With the upscaling strategy established in the framework of this study, ground ice content estimations are now also possible outside of rock-glacier-dominated catchments, and the relative importance of different permafrost occurrences for total ground ice volumes can be evaluated. It is acknowledged that the absolute numbers of our results should be considered with care as there are many uncertainties involved in the various steps of our upscaling strategy. These uncertainties are discussed below.
The estimation of the ice content of the different layers in the conceptual soil stratigraphy models for each site is challenging as the prescription of a realistic porosity model is a known weakness of the geophysics-based four-phase model (4PM) (Mewes et al., 2017; Pellet et al., 2016). This has been addressed with the development of the so-called petrophysical joint inversion (PJI) scheme that is able to invert for porosity in addition to ice and water content (Wagner et al., 2019; Mollaret et al., 2020). However, the successful application of the PJI to a large number of geologically and geomorphologically different profiles is still difficult due to convergence problems in the absence of a priori knowledge (see Part 1, Hilbich et al., 2022a). For the calculations of this study, the porosity models were adjusted for each profile based on (a) the landform and the surface substrate, (b) the interpreted geophysical results, and (c) ground truthing information, where available. We assume porosity values around 50 % for the uppermost sediment layers at the sediment sites and around 40 % for highly fractured bedrock (with a decreasing gradient for more consolidated bedrock that is expected underneath). For the rock glaciers of Site A, porosity values >60 % were prescribed in the case of highly resistive layers to allow for supersaturated conditions (see Hilbich et al., 2022a). As these values are merely (field-based) assumptions, porosity estimates could be a source of uncertainty by leading to either over- or underestimation of the ground ice contents.

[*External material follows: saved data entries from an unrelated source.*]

(* Consider an $SU(2)$ monopole $(\nabla,\Phi)$ on $E\to\mathbb R^3$ and fix $O\in\mathbb R^3$. For an oriented line $\gamma$ that is not a spectral line, let $x$ be the point of $\gamma$ closest to $O$, and let $L^\pm_\gamma\subset E_x$ be the (one-dimensional) subspaces of initial values at $x$ of solutions of $(\nabla_{\dot\gamma}-i\Phi)s=0$ along $\gamma$ decaying at the positive, respectively negative, end of $\gamma$, so $E_x=L^+_\gamma\oplus L^-_\gamma$. Define $M_\gamma:E_x\to E_x$ to be $+1$ on $L^+_\gamma$ and $-1$ on $L^-_\gamma$. Then there are constants $R,C>0$ such that $\|M_\gamma\|\le C$ for all non-spectral lines $\gamma$ with $\|x-O\|\ge R$.
   Context: An $SU(2)$ monopole of charge $k$ on $\mathbb R^3$: $SU(2)$ connection $\nabla$ and Higgs field $\Phi$ on rank-2 $SU(2)$ bundle $E$ with $F_\nabla=*\nabla\Phi$ and Hitchin's boundary conditions $\|\Phi\|=1-k/2r+O(r^{-2})$, $\|\nabla\Phi\|=O(r^{-2})$; in particular there is a unitary gauge diagonalising $\Phi$ in which the connection matrix is $\begin{pmatrix}A&B\\-B^*&-A\end{pmatrix}$ with $B=O(r^{-2})$ ($r$ = distance from $O$). A spectral line is an oriented line along which a nonzero solution of $(\nabla_{\dot\gamma}-i\Phi)s=0$ decays at both ends. Norms are the Hermitian norms on $E_x$. *)

theory Defs
  imports "HOL-Analysis.Analysis"
begin

text \<open>Since every bundle over R^3 is trivial, the rank-2 SU(2) bundle E is
  R^3 x C^2 with the standard Hermitian structure. A connection is
  nabla_j = d_j + A_j with A_j(x) skew-Hermitian traceless 2x2 matrices (j = 1,2,3),
  and the Higgs field Phi(x) is skew-Hermitian traceless.\<close>

type_synonym pt = "real^3"
type_synonym fib = "complex^2"
type_synonym mat = "complex^2^2"

definition madj :: "mat \<Rightarrow> mat" where
  "madj M = (\<chi> a b. cnj (M $ b $ a))"

definition su2 :: "mat \<Rightarrow> bool" where
  "su2 M \<longleftrightarrow> madj M = - M \<and> M $ 1 $ 1 + M $ 2 $ 2 = 0"

definition cvscale :: "complex \<Rightarrow> fib \<Rightarrow> fib" where
  "cvscale c v = (\<chi> a. c * v $ a)"

definition mcomm :: "mat \<Rightarrow> mat \<Rightarrow> mat" where
  "mcomm M N = M ** N - N ** M"

definition mnorm :: "mat \<Rightarrow> real" where
  "mnorm M = onorm (\<lambda>v::fib. M *v v)"

definition pd :: "3 \<Rightarrow> (pt \<Rightarrow> 'b::real_normed_vector) \<Rightarrow> pt \<Rightarrow> 'b" where
  "pd j f x = frechet_derivative f (at x) (axis j 1)"

fun iter_pd :: "3 list \<Rightarrow> (pt \<Rightarrow> 'b::real_normed_vector) \<Rightarrow> pt \<Rightarrow> 'b" where
  "iter_pd [] f = f"
| "iter_pd (j # js) f = pd j (iter_pd js f)"

definition smooth :: "(pt \<Rightarrow> 'b::real_normed_vector) \<Rightarrow> bool" where
  "smooth f \<longleftrightarrow> (\<forall>js x. iter_pd js f differentiable (at x))"

definition covPhi :: "(pt \<Rightarrow> 3 \<Rightarrow> mat) \<Rightarrow> (pt \<Rightarrow> mat) \<Rightarrow> 3 \<Rightarrow> pt \<Rightarrow> mat" where
  "covPhi A Phi j x = pd j Phi x + mcomm (A x j) (Phi x)"

definition curv :: "(pt \<Rightarrow> 3 \<Rightarrow> mat) \<Rightarrow> 3 \<Rightarrow> 3 \<Rightarrow> pt \<Rightarrow> mat" where
  "curv A j k x = pd j (\<lambda>y. A y k) x - pd k (\<lambda>y. A y j) x + mcomm (A x j) (A x k)"

text \<open>SU(2) monopole of charge k on R^3 with Hitchin's boundary conditions:
  Bogomolny equation F = * nabla Phi, ||Phi|| = 1 - k/2r + O(r^-2), ||nabla Phi|| = O(r^-2).\<close>
definition monopole :: "nat \<Rightarrow> (pt \<Rightarrow> 3 \<Rightarrow> mat) \<Rightarrow> (pt \<Rightarrow> mat) \<Rightarrow> bool" where
  "monopole k A Phi \<longleftrightarrow>
     (\<forall>j. smooth (\<lambda>x. A x j)) \<and> smooth Phi \<and>
     (\<forall>x j. su2 (A x j)) \<and> (\<forall>x. su2 (Phi x)) \<and>
     (\<forall>x. curv A 1 2 x = covPhi A Phi 3 x \<and>
          curv A 2 3 x = covPhi A Phi 1 x \<and>
          curv A 3 1 x = covPhi A Phi 2 x) \<and>
     (\<exists>C R. R > 0 \<and> (\<forall>x. norm x \<ge> R \<longrightarrow>
          \<bar>mnorm (Phi x) - (1 - real k / (2 * norm x))\<bar> \<le> C / (norm x)\<^sup>2)) \<and>
     (\<exists>C R. R > 0 \<and> (\<forall>x. norm x \<ge> R \<longrightarrow>
          (\<Sum>j\<in>UNIV. mnorm (covPhi A Phi j x)) \<le> C / (norm x)\<^sup>2))"

text \<open>Oriented line through x with unit direction u, parametrised as t |-> x + t u.
  A section s along it solves (nabla_{gamma'} - i Phi) s = 0, i.e.
  s'(t) + A_u(gamma t) s(t) - i Phi(gamma t) s(t) = 0, where A_u = sum_j u_j A_j.\<close>
definition line_sol :: "(pt \<Rightarrow> 3 \<Rightarrow> mat) \<Rightarrow> (pt \<Rightarrow> mat) \<Rightarrow> pt \<Rightarrow> pt \<Rightarrow> (real \<Rightarrow> fib) \<Rightarrow> bool" where
  "line_sol A Phi x u s \<longleftrightarrow>
     (\<forall>t. (s has_vector_derivative
           (cvscale \<i> (Phi (x + t *\<^sub>R u) *v s t)
            - (\<Sum>j\<in>UNIV. cvscale (complex_of_real (u $ j)) (A (x + t *\<^sub>R u) j *v s t))))
         (at t))"

definition spectral_line :: "(pt \<Rightarrow> 3 \<Rightarrow> mat) \<Rightarrow> (pt \<Rightarrow> mat) \<Rightarrow> pt \<Rightarrow> pt \<Rightarrow> bool" where
  "spectral_line A Phi x u \<longleftrightarrow>
     (\<exists>s. line_sol A Phi x u s \<and> (\<exists>t. s t \<noteq> 0) \<and>
          (s \<longlongrightarrow> 0) at_top \<and> (s \<longlongrightarrow> 0) at_bot)"

definition Lplus :: "(pt \<Rightarrow> 3 \<Rightarrow> mat) \<Rightarrow> (pt \<Rightarrow> mat) \<Rightarrow> pt \<Rightarrow> pt \<Rightarrow> fib set" where
  "Lplus A Phi x u = {s 0 | s. line_sol A Phi x u s \<and> (s \<longlongrightarrow> 0) at_top}"

definition Lminus :: "(pt \<Rightarrow> 3 \<Rightarrow> mat) \<Rightarrow> (pt \<Rightarrow> mat) \<Rightarrow> pt \<Rightarrow> pt \<Rightarrow> fib set" where
  "Lminus A Phi x u = {s 0 | s. line_sol A Phi x u s \<and> (s \<longlongrightarrow> 0) at_bot}"

definition Mgamma :: "(pt \<Rightarrow> 3 \<Rightarrow> mat) \<Rightarrow> (pt \<Rightarrow> mat) \<Rightarrow> pt \<Rightarrow> pt \<Rightarrow> fib \<Rightarrow> fib" where
  "Mgamma A Phi x u v =
     (THE w. \<exists>a\<in>Lplus A Phi x u. \<exists>b\<in>Lminus A Phi x u. v = a + b \<and> w = a - b)"

definition closest_pt :: "pt \<Rightarrow> pt \<Rightarrow> pt \<Rightarrow> pt" where
  "closest_pt o0 p u = p + ((o0 - p) \<bullet> u) *\<^sub>R u"

end

theory Submission
  imports Defs
begin

text \<open>Along an oriented line far from \<open>O\<close>, the Higgs field has norm close to \<open>1\<close> and its
  covariant derivative is small. For a solution \<open>s\<close> of \<open>(\<nabla>\<^sub>\<gamma>' - i\<Phi>) s = 0\<close> put
  \<open>n = \<bar>s\<bar>\<^sup>2\<close> and \<open>h = Re \<langle>s, i\<Phi> s\<rangle>\<close>. Then \<open>n' = 2 h\<close> and \<open>h' \<ge> n\<close>, so \<open>h + n/2\<close> grows at least
  like \<open>e\<^sup>t\<close>. Hence a solution decaying at the positive end has \<open>h \<le> -n/2\<close> everywhere, and one
  decaying at the negative end has \<open>h \<ge> n/2\<close>: the lines \<open>L\<^sup>+\<close> and \<open>L\<^sup>-\<close> lie in disjoint cones.
  Both are nonzero, by a compactness argument applied to the fundamental solution. Writing
  \<open>v = a + b\<close> with \<open>a \<in> L\<^sup>+\<close>, \<open>b \<in> L\<^sup>-\<close>, the cones give
  \<open>\<bar>a - b\<bar>\<^sup>2 \<le> 2 (\<bar>a\<bar>\<^sup>2 + \<bar>b\<bar>\<^sup>2) \<le> 4 (h(b) - h(a)) \<le> 4 \<bar>\<Phi>\<bar> \<bar>a + b\<bar> \<bar>a - b\<bar>\<close>, so
  \<open>\<bar>M\<^sub>\<gamma> v\<bar> = \<bar>a - b\<bar> \<le> 5 \<bar>v\<bar>\<close>.\<close>

section \<open>Linear differential equations in a Banach space\<close>

definition oriented_integral :: "(real \<Rightarrow> 'a::banach) \<Rightarrow> real \<Rightarrow> 'a" where
  "oriented_integral f t = (if 0 \<le> t then integral {0..t} f else - integral {t..0} f)"

lemma oriented_integral_0 [simp]: "oriented_integral f 0 = 0"
  by (simp add: oriented_integral_def)

lemma oriented_integral_has_vector_derivative:
  assumes f: "continuous_on UNIV f"
  shows "(oriented_integral f has_vector_derivative f t) (at t)"
proof -
  define a where "a = - \<bar>t\<bar> - 1"
  have integrable: "f integrable_on {c..d}" for c d
    by (rule integrable_continuous_real) (rule continuous_on_subset[OF f], simp)
  have eq: "oriented_integral f s = integral {a..s} f - integral {a..0} f" if "a < s" for s
    using Henstock_Kurzweil_Integration.integral_combine[of a 0 s f]
      Henstock_Kurzweil_Integration.integral_combine[of a s 0 f] that integrable
    by (cases "0 \<le> s") (auto simp: oriented_integral_def a_def algebra_simps)
  have "((\<lambda>s. integral {a..s} f) has_vector_derivative f t) (at t within {a..\<bar>t\<bar> + 1})"
    by (rule integral_has_vector_derivative) (auto simp: a_def intro: continuous_on_subset[OF f])
  then have "((\<lambda>s. integral {a..s} f) has_vector_derivative f t) (at t)"
    using at_within_Icc_at[of a t "\<bar>t\<bar> + 1"] by (simp add: a_def)
  then have "((\<lambda>s. integral {a..s} f - integral {a..0} f) has_vector_derivative f t) (at t)"
    by (rule derivative_eq_intros) auto
  then show ?thesis
    by (rule has_vector_derivative_transform_within_open[where S="{a<..}"]) (auto simp: a_def eq)
qed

Although capable of estimating ground ice content from the geophysical results (e.g., Pellet et al., 2016; Halla et al., 2021; Mollaret et al., 2019; de Pasquale et al., 2022), the success of the 4PM application depends on the available data. The identification of representative ground ice content of the different layers is therefore often not possible from the geophysical results alone. In addition, the 4PM requires co-located ERT and RST measurements, which are not always available in a sufficiently large number to be used in an upscaling approach as presented in our study.
The conceptual soil stratigraphy models used here assume a constant thickness and ice content for the entire upscaling class (under the assumption of relatively homogeneous conditions at Site D). However, lateral differences are to be expected, and the derived ground ice content estimates can only serve as rough approximations on the catchment scale.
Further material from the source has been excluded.